Chacune des capsules sphériques contient six à dix graines, selon ce que j’ai pu compter. J’ignorais avec quel soin il fallait les manipuler, si elles risquaient d’éclater seules et de perdre la semence dans un mouvement brusque, comme les lentilles ou le blé quand ils sont à maturité complète. J’ignorais même à quoi ressemble la maturité complète de cette plante. Maintenant j’en sais un peu plus.
On ne peut pas récolter la graine de lin en fermant la main sur la tête et en tirant, comme je fais avec la moutarde, ou avec l’avoine. Ca ne marche pas. Les graines sont trop petites et glissantes, elles filent entre les doigts.
On ne peut pas récolter la graine de lin en coupant juste la tête d’un coup de sécateur ou de faucille crantée, comme le blé. Ca ne marche pas. Les capsules sont trop dispersées sur trop de brindilles et à trop de hauteurs différentes. On y perdrait la moitié de la fibre.
Mais quand je saisis une poignée de tiges à mi-hauteur et que je tire vers le haut, elles se déracinent assez facilement en abandonnant tout ce qui est plus profond que quelques centimètres. Alors j’assemble des gerbes bien alignées qui se laissent transporter facilement vers un drap dans lequel je les couche en attendant d’inventer l’étape suivante.
Je craignais de perdre les graines si je transportait les gerbes sans un drap pour collecter les échappées. Et j’ai donc passé ainsi quelques jours à les sortir au soleil le matin et les rentrer le soir dans leur berceau de tissus. Puis j’ai tenté diverses manières de récupérer les graines sans abîmer les fibres. Des manières très délicates au début. Détacher les capsules presque une à une. Puis par poignées. Puis les frotter entre mes paumes pour les écraser directement au dessus d’un seau.
A force de les manipuler, je découvre à quel point les capsules sont bien accrochées à leurs tiges et à quel point les tiges et les capsules sont bien solides. Mes précautions du début étaient excessives. En vrai je peux manier les gerbes sans crainte de perdre les semences. je peux enfourner une grosse gerbe tète en bas dans une poubelle et pilonner les extrémités en tordant un peu les tiges sans que cela abîme les fibres.

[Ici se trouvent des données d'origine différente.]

theorem van_der_corput_inequality:
  assumes "a \<le> b" "H \<ge> 1" "\<And>n. norm (z n) \<le> 1"
  shows "(norm (\<Sum>n\<in>{a..<b}. z n))\<^sup>2
           \<le> (b - a + H - 1) / H * ((b - a) + 2 * (\<Sum>d\<in>{1..<H}. norm (correlation z a b d)))"
proof -
  let ?T = "{a-H+1..<b}" and ?R = "(b - a) + 2 * (\<Sum>d\<in>{1..<H}. norm (correlation z a b d))"
  have "(of_int H)\<^sup>2 * (norm (\<Sum>n\<in>{a..<b}. z n))\<^sup>2 = (norm (\<Sum>t\<in>?T. \<Sum>j\<in>{0..<H}. z (t + j)))\<^sup>2"
    using of_int_mult_sum_eq_sum_windows[OF assms(2), symmetric] assms(2)
    by (simp add: norm_mult power_mult_distrib)
  also have "\<dots> \<le> (\<Sum>t\<in>?T. norm (\<Sum>j\<in>{0..<H}. z (t + j)))\<^sup>2"
    by (intro power_mono norm_sum) auto
  also have "\<dots> \<le> (\<Sum>t\<in>?T. (norm (\<Sum>j\<in>{0..<H}. z (t + j)))\<^sup>2) * card ?T"
    by (rule sum_squared_le_sum_of_squares)
  also have "\<dots> = card ?T * (\<Sum>t\<in>?T. (norm (\<Sum>j\<in>{0..<H}. z (t + j)))\<^sup>2)"
    by (rule mult.commute)
  also have "\<dots> \<le> card ?T * (H * ?R)"
    using sum_norm_windows_square_le[OF assms(2,1,3)] by (intro mult_left_mono) auto
  also have "real (card ?T) = of_int (b - a + H - 1)"
    using assms by simp
  finally have "of_int H * (of_int H * (norm (\<Sum>n\<in>{a..<b}. z n))\<^sup>2)
      \<le> of_int H * (of_int (b - a + H - 1) * ?R)"
    by (simp add: power2_eq_square mult_ac)
  then have "of_int H * (norm (\<Sum>n\<in>{a..<b}. z n))\<^sup>2 \<le> of_int (b - a + H - 1) * ?R"
    using assms(2) by simp
  then show ?thesis
    using assms(2) by (simp add: field_simps)
qed

end

lemma van_der_corput_e_sum:
  fixes \<psi> :: "int \<Rightarrow> real" and a len H :: int and N Y :: real
  assumes H: "H \<ge> 1" and len: "len \<le> N" and "Y \<ge> 0" "N \<ge> 0"
    and shifted: "\<And>d. d \<in> {1..<H} \<Longrightarrow> norm (\<Sum>n\<in>{a..<a + len - d}. e (\<psi> (n + d) - \<psi> n)) \<le> Y"
  shows "(norm (\<Sum>n\<in>{a..<a + len}. e (\<psi> n)))\<^sup>2 \<le> (N + H - 1) / H * (N + 2 * (H - 1) * Y)"
proof (cases "len \<ge> 0")
  case False
  then show ?thesis
    using assms by simp
next
  case True
  define z where "z n = (if n \<in> {a..<a + len} then e (\<psi> n) else 0)" for n
  have correlation_eq: "correlation z a (a + len) d = (\<Sum>n\<in>{a..<a + len - d}. e (\<psi> (n + d) - \<psi> n))"
    if "d \<in> {1..<H}" for d
  proof -
    have "correlation z a (a + len) d = (\<Sum>n\<in>{a..<a + len - d}. z (n + d) * cnj (z n))"
      unfolding correlation_def using that by (intro sum.mono_neutral_right) (auto simp: z_def)
    also have "\<dots> = (\<Sum>n\<in>{a..<a + len - d}. e (\<psi> (n + d) - \<psi> n))"
      using that by (intro sum.cong) (auto simp: z_def e_diff)
    finally show ?thesis .
  qed
  have "(\<Sum>d\<in>{1..<H}. norm (correlation z a (a + len) d)) \<le> (\<Sum>d\<in>{1..<H}. Y)"
    using correlation_eq shifted by (intro sum_mono) auto
  then have correlations: "(\<Sum>d\<in>{1..<H}. norm (correlation z a (a + len) d)) \<le> (H - 1) * Y"
    using H by simp
  have supp: "\<And>n. n \<notin> {a..<a + len} \<Longrightarrow> z n = 0" and bound: "\<And>n. norm (z n) \<le> 1"
    by (auto simp: z_def)
  have "(norm (\<Sum>n\<in>{a..<a + len}. z n))\<^sup>2
      \<le> (len + H - 1) / H * (len + 2 * (\<Sum>d\<in>{1..<H}. norm (correlation z a (a + len) d)))"
    using van_der_corput_inequality[where z = z and a = a and b = "a + len" and H = H, OF supp _ H bound] True
    by simp
  also have "\<dots> \<le> (N + H - 1) / H * (N + 2 * ((H - 1) * Y))"
    using assms True correlations
    by (intro mult_mono divide_right_mono add_mono mult_left_mono)
      (auto intro!: add_nonneg_nonneg sum_nonneg)
  finally show ?thesis
    by (simp add: z_def algebra_simps)
qed

section \<open>Iterated differences\<close>

fun iter_diff :: "nat list \<Rightarrow> ('a::semiring_1 \<Rightarrow> real) \<Rightarrow> 'a \<Rightarrow> real" where
  "iter_diff [] \<phi> x = \<phi> x"
| "iter_diff (r # rs) \<phi> x = iter_diff rs \<phi> (x + of_nat r) - iter_diff rs \<phi> x"

lemma iter_diff_of_int:
  fixes \<phi> :: "real \<Rightarrow> real"
  shows "iter_diff rs (\<lambda>k. \<phi> (of_int k)) n = iter_diff rs \<phi> (of_int n)"
  by (induction rs arbitrary: n) auto

lemma iter_diff_cmult:
  fixes f :: "'a::semiring_1 \<Rightarrow> real"
  shows "iter_diff rs (\<lambda>x. s * f x) x = s * iter_diff rs f x"
  by (induction rs arbitrary: x) (auto simp: algebra_simps)

context
  fixes F :: "nat \<Rightarrow> real \<Rightarrow> real"
  assumes deriv: "\<And>j y. y > 0 \<Longrightarrow> (F j has_real_derivative F (Suc j) y) (at y)"
begin

lemma has_real_derivative_iter_diff:
  "y > 0 \<Longrightarrow> (iter_diff rs (F j) has_real_derivative iter_diff rs (F (Suc j)) y) (at y)"
proof (induction rs arbitrary: y)
  case Nil
  then show ?case
    using deriv by simp
next
  case (Cons r rs)
  have "((\<lambda>x. iter_diff rs (F j) (x + real r)) has_real_derivative
        iter_diff rs (F (Suc j)) (y + real r)) (at y)"
    using Cons.IH[of "y + real r"] Cons.prems by (subst DERIV_shift[symmetric]) simp
  from DERIV_diff[OF this Cons.IH[OF Cons.prems]] show ?case
    by (simp add: fun_eq_iff)
qed

lemma iter_diff_ge:
  assumes "x > 0"
    and "\<And>y. x \<le> y \<Longrightarrow> y \<le> x + real (sum_list rs) \<Longrightarrow> lo \<le> F (j + length rs) y"
  shows "real (prod_list rs) * lo \<le> iter_diff rs (F j) x"
  using assms
proof (induction rs arbitrary: j x)
  case (Cons r rs)
  show ?case
  proof (cases "r = 0")
    case False
    obtain \<xi> where \<xi>: "x < \<xi>" "\<xi> < x + real r"
      and mvt: "iter_diff rs (F j) (x + real r) - iter_diff rs (F j) x = real r * iter_diff rs (F (Suc j)) \<xi>"
      using MVT2[of x "x + real r" "iter_diff rs (F j)" "iter_diff rs (F (Suc j))"] False Cons.prems(1)
        has_real_derivative_iter_diff by force
    have "real (prod_list rs) * lo \<le> iter_diff rs (F (Suc j)) \<xi>"
    proof (rule Cons.IH)
      fix y assume "\<xi> \<le> y" "y \<le> \<xi> + real (sum_list rs)"
      then show "lo \<le> F (Suc j + length rs) y"
        using Cons.prems(2)[of y] \<xi> by simp
    qed (use \<xi> Cons.prems in simp)
    then show ?thesis
      using mvt by (simp add: mult.assoc mult_left_mono)
  qed simp
qed simp

end

lemma iter_diff_le:
  fixes F :: "nat \<Rightarrow> real \<Rightarrow> real"
  assumes "\<And>j y. y > 0 \<Longrightarrow> (F j has_real_derivative F (Suc j) y) (at y)" and "x > 0"
    and "\<And>y. x \<le> y \<Longrightarrow> y \<le> x + real (sum_list rs) \<Longrightarrow> F (j + length rs) y \<le> hi"
  shows "iter_diff rs (F j) x \<le> real (prod_list rs) * hi"
proof -
  have "real (prod_list rs) * (- hi) \<le> iter_diff rs (\<lambda>x. - F j x) x"
    by (rule iter_diff_ge[where F = "\<lambda>j x. - F j x"]) (use assms in \<open>auto intro: DERIV_minus\<close>)
  then show ?thesis
    using iter_diff_cmult[of rs "- 1" "F j" x] by simp
qed

lemma sum_atLeastLessThan_int_conv_lessThan:
  "(\<Sum>n\<in>{a..<a + int M}. f n) = (\<Sum>t<M. f (a + int t))"
proof -
  have "{a..<a + int M} = (\<lambda>t. a + int t) ` {..<M}"
    by (auto simp: image_iff intro!: bexI[of _ "nat (_ - a)"])
  then show ?thesis
    by (simp add: sum.reindex inj_on_def)
qed

fun shifts_below :: "(nat \<Rightarrow> int) \<Rightarrow> nat list \<Rightarrow> bool" where
  "shifts_below G [] \<longleftrightarrow> True"
| "shifts_below G (d # rs) \<longleftrightarrow> 1 \<le> d \<and> int d < G (length rs) \<and> shifts_below G rs"

lemma prod_list_shifts_below_ge_1: "shifts_below G rs \<Longrightarrow> 1 \<le> prod_list rs"
  by (induction rs) auto

lemma prod_list_shifts_below_le:
  "shifts_below G rs \<Longrightarrow> real (prod_list rs) \<le> (\<Prod>j<length rs. real_of_int (G j))"
proof (induction rs)
  case (Cons d rs)
  then have "real d \<le> real_of_int (G (length rs))" "real (prod_list rs) \<le> (\<Prod>j<length rs. real_of_int (G j))"
    by auto
  then have "real d * real (prod_list rs) \<le> real_of_int (G (length rs)) * (\<Prod>j<length rs. real_of_int (G j))"
    by (intro mult_mono) auto
  then show ?case
    by (simp add: mult.commute)
qed simp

La graine est si petite et si fluide que je craignais, lors des premiers essais de vannage, qu’elle ne parte dans le vent avec la balle. J’ai donc commencé mes vannages très bas, augmentant progressivement la hauteur du tombé, jusqu’à constater que la graine coule tandis que la balle s’envole, et que les capsules encore pleines tombent elles aussi, me laissant une nouvelle chance de les écraser au pilonnage suivant.

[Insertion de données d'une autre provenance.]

text \<open>Vertices and edges are
represented by natural numbers; an edge e has tail src e and head tgt e, and the
edge set is a finite set E. OD pairs are a finite index set I of naturals, with
origins orig i and destinations dest i. Paths are lists of edges.\<close>

fun is_walk :: "nat set \<Rightarrow> (nat \<Rightarrow> nat) \<Rightarrow> (nat \<Rightarrow> nat) \<Rightarrow> nat \<Rightarrow> nat list \<Rightarrow> nat \<Rightarrow> bool" where
  "is_walk E src tgt u [] v = (u = v)"
| "is_walk E src tgt u (e # es) v = (e \<in> E \<and> src e = u \<and> is_walk E src tgt (tgt e) es v)"

fun walk_verts :: "(nat \<Rightarrow> nat) \<Rightarrow> nat \<Rightarrow> nat list \<Rightarrow> nat list" where
  "walk_verts tgt u [] = [u]"
| "walk_verts tgt u (e # es) = u # walk_verts tgt (tgt e) es"

definition simple_path :: "nat set \<Rightarrow> (nat \<Rightarrow> nat) \<Rightarrow> (nat \<Rightarrow> nat) \<Rightarrow> nat \<Rightarrow> nat list \<Rightarrow> nat \<Rightarrow> bool" where
  "simple_path E src tgt u p v \<longleftrightarrow> is_walk E src tgt u p v \<and> distinct (walk_verts tgt u p)"

definition paths :: "nat set \<Rightarrow> (nat \<Rightarrow> nat) \<Rightarrow> (nat \<Rightarrow> nat) \<Rightarrow> (nat \<Rightarrow> nat) \<Rightarrow> (nat \<Rightarrow> nat) \<Rightarrow> nat \<Rightarrow> nat list set" where
  "paths E src tgt orig dest i = {p. simple_path E src tgt (orig i) p (dest i)}"

definition feasible :: "nat set \<Rightarrow> (nat \<Rightarrow> nat) \<Rightarrow> (nat \<Rightarrow> nat) \<Rightarrow> nat set \<Rightarrow> (nat \<Rightarrow> nat) \<Rightarrow> (nat \<Rightarrow> nat)
    \<Rightarrow> (nat \<Rightarrow> real) \<Rightarrow> (nat \<Rightarrow> nat list \<Rightarrow> real) \<Rightarrow> bool" where
  "feasible E src tgt I orig dest \<mu> f \<longleftrightarrow>
     (\<forall>i\<in>I. (\<forall>p\<in>paths E src tgt orig dest i. 0 \<le> f i p)
          \<and> (\<Sum>p\<in>paths E src tgt orig dest i. f i p) = \<mu> i)"

definition load :: "nat set \<Rightarrow> (nat \<Rightarrow> nat) \<Rightarrow> (nat \<Rightarrow> nat) \<Rightarrow> nat set \<Rightarrow> (nat \<Rightarrow> nat) \<Rightarrow> (nat \<Rightarrow> nat)
    \<Rightarrow> (nat \<Rightarrow> nat list \<Rightarrow> real) \<Rightarrow> nat \<Rightarrow> real" where
  "load E src tgt I orig dest f e =
     (\<Sum>i\<in>I. \<Sum>p\<in>{p \<in> paths E src tgt orig dest i. e \<in> set p}. f i p)"

definition path_cost :: "nat set \<Rightarrow> (nat \<Rightarrow> nat) \<Rightarrow> (nat \<Rightarrow> nat) \<Rightarrow> nat set \<Rightarrow> (nat \<Rightarrow> nat) \<Rightarrow> (nat \<Rightarrow> nat)
    \<Rightarrow> (nat \<Rightarrow> real \<Rightarrow> real) \<Rightarrow> (nat \<Rightarrow> nat list \<Rightarrow> real) \<Rightarrow> nat list \<Rightarrow> real" where
  "path_cost E src tgt I orig dest c f p =
     sum_list (map (\<lambda>e. c e (load E src tgt I orig dest f e)) p)"

definition wardrop :: "nat set \<Rightarrow> (nat \<Rightarrow> nat) \<Rightarrow> (nat \<Rightarrow> nat) \<Rightarrow> nat set \<Rightarrow> (nat \<Rightarrow> nat) \<Rightarrow> (nat \<Rightarrow> nat)
    \<Rightarrow> (nat \<Rightarrow> real \<Rightarrow> real) \<Rightarrow> (nat \<Rightarrow> real) \<Rightarrow> (nat \<Rightarrow> nat list \<Rightarrow> real) \<Rightarrow> bool" where
  "wardrop E src tgt I orig dest c \<mu> f \<longleftrightarrow>
     feasible E src tgt I orig dest \<mu> f \<and>
     (\<forall>i\<in>I. \<forall>p\<in>paths E src tgt orig dest i. 0 < f i p \<longrightarrow>
        (\<forall>q\<in>paths E src tgt orig dest i.
           path_cost E src tgt I orig dest c f p \<le> path_cost E src tgt I orig dest c f q))"

definition total_cost :: "nat set \<Rightarrow> (nat \<Rightarrow> nat) \<Rightarrow> (nat \<Rightarrow> nat) \<Rightarrow> nat set \<Rightarrow> (nat \<Rightarrow> nat) \<Rightarrow> (nat \<Rightarrow> nat)
    \<Rightarrow> (nat \<Rightarrow> real \<Rightarrow> real) \<Rightarrow> (nat \<Rightarrow> nat list \<Rightarrow> real) \<Rightarrow> real" where
  "total_cost E src tgt I orig dest c f =
     (\<Sum>i\<in>I. \<Sum>p\<in>paths E src tgt orig dest i. f i p * path_cost E src tgt I orig dest c f p)"

definition system_optimum :: "nat set \<Rightarrow> (nat \<Rightarrow> nat) \<Rightarrow> (nat \<Rightarrow> nat) \<Rightarrow> nat set \<Rightarrow> (nat \<Rightarrow> nat) \<Rightarrow> (nat \<Rightarrow> nat)
    \<Rightarrow> (nat \<Rightarrow> real \<Rightarrow> real) \<Rightarrow> (nat \<Rightarrow> real) \<Rightarrow> (nat \<Rightarrow> nat list \<Rightarrow> real) \<Rightarrow> bool" where
  "system_optimum E src tgt I orig dest c \<mu> f \<longleftrightarrow>
     feasible E src tgt I orig dest \<mu> f \<and>
     (\<forall>g. feasible E src tgt I orig dest \<mu> g \<longrightarrow>
        total_cost E src tgt I orig dest c f \<le> total_cost E src tgt I orig dest c g)"

definition is_DIOT :: "nat set \<Rightarrow> (nat \<Rightarrow> nat) \<Rightarrow> (nat \<Rightarrow> nat) \<Rightarrow> nat set \<Rightarrow> (nat \<Rightarrow> nat) \<Rightarrow> (nat \<Rightarrow> nat)
    \<Rightarrow> (nat \<Rightarrow> real \<Rightarrow> real) \<Rightarrow> (nat \<Rightarrow> real) \<Rightarrow> bool" where
  "is_DIOT E src tgt I orig dest c \<tau> \<longleftrightarrow>
     (\<forall>\<mu>. (\<forall>i\<in>I. 0 \<le> \<mu> i) \<longrightarrow>
        (\<forall>f. wardrop E src tgt I orig dest (\<lambda>e x. c e x + \<tau> e) \<mu> f \<longrightarrow>
             system_optimum E src tgt I orig dest c \<mu> f))"

definition affine_costs :: "nat set \<Rightarrow> (nat \<Rightarrow> real \<Rightarrow> real) \<Rightarrow> bool" where
  "affine_costs E c \<longleftrightarrow>
     (\<exists>t a. \<forall>e\<in>E. 0 \<le> t e \<and> 0 \<le> a e \<and> (\<forall>x\<ge>0. c e x = t e + a e * x))"

end

theory Submission
  imports Defs
begin

text \<open>Take vertices 0, 1, 2, edges 0: 0\<rightarrow>1 and 1: 0\<rightarrow>2 with cost x, and edges 2: 2\<rightarrow>1 and
3: 1\<rightarrow>2 with cost 1. Pair i (i = 0, 1) goes from 0 to i + 1 and has the direct path [i] and
the detour [1 - i, i + 2]. A unit of demand of pair i alone is optimally split 3/4 : 1/4
(total cost 7/8), so a DIOT must make the all-direct flow (cost 1) a non-equilibrium, i.e.
\<open>\<tau> i > \<tau> (1 - i) + \<tau> (i + 2)\<close>. For both i together this forces \<open>\<tau> 2 + \<tau> 3 < 0\<close>.\<close>

lemma length_walk_verts: "length (walk_verts tgt u p) = Suc (length p)"
  by (induction p arbitrary: u) auto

J’aurai pu apprendre tout ça directement auprès d’un-e agriculteurice expérimenté-e ou le déduire des vidéos montrant les machines de récolte, que j’ai visionnées avec attention. Mais j’aime particulièrement cet apprentissage par le geste, par les mains, les yeux, l’expérience, les essais. Belles sont les heures que j’ai passées à découvrir le soin, la pression, la patience, qui donnent cette graine riche en corps gras, directement utilisable en cuisine. Agréable est le sentiment de cheminer dans cette découverte d'une nouvelle récolte, en me sentant déjà riche de savoirs acquis en quelques saisons de tâtonnements avec le blé, le seigle, l'épeautre, le millet, le sarrasin, le sorgho, le quinoa. J'assume de mieux en mieux mon approche sensorielle, qui prend du temps mais me relie à la graine par un compagnonnage doux, gratifiant, méditant, contemplatif aussi.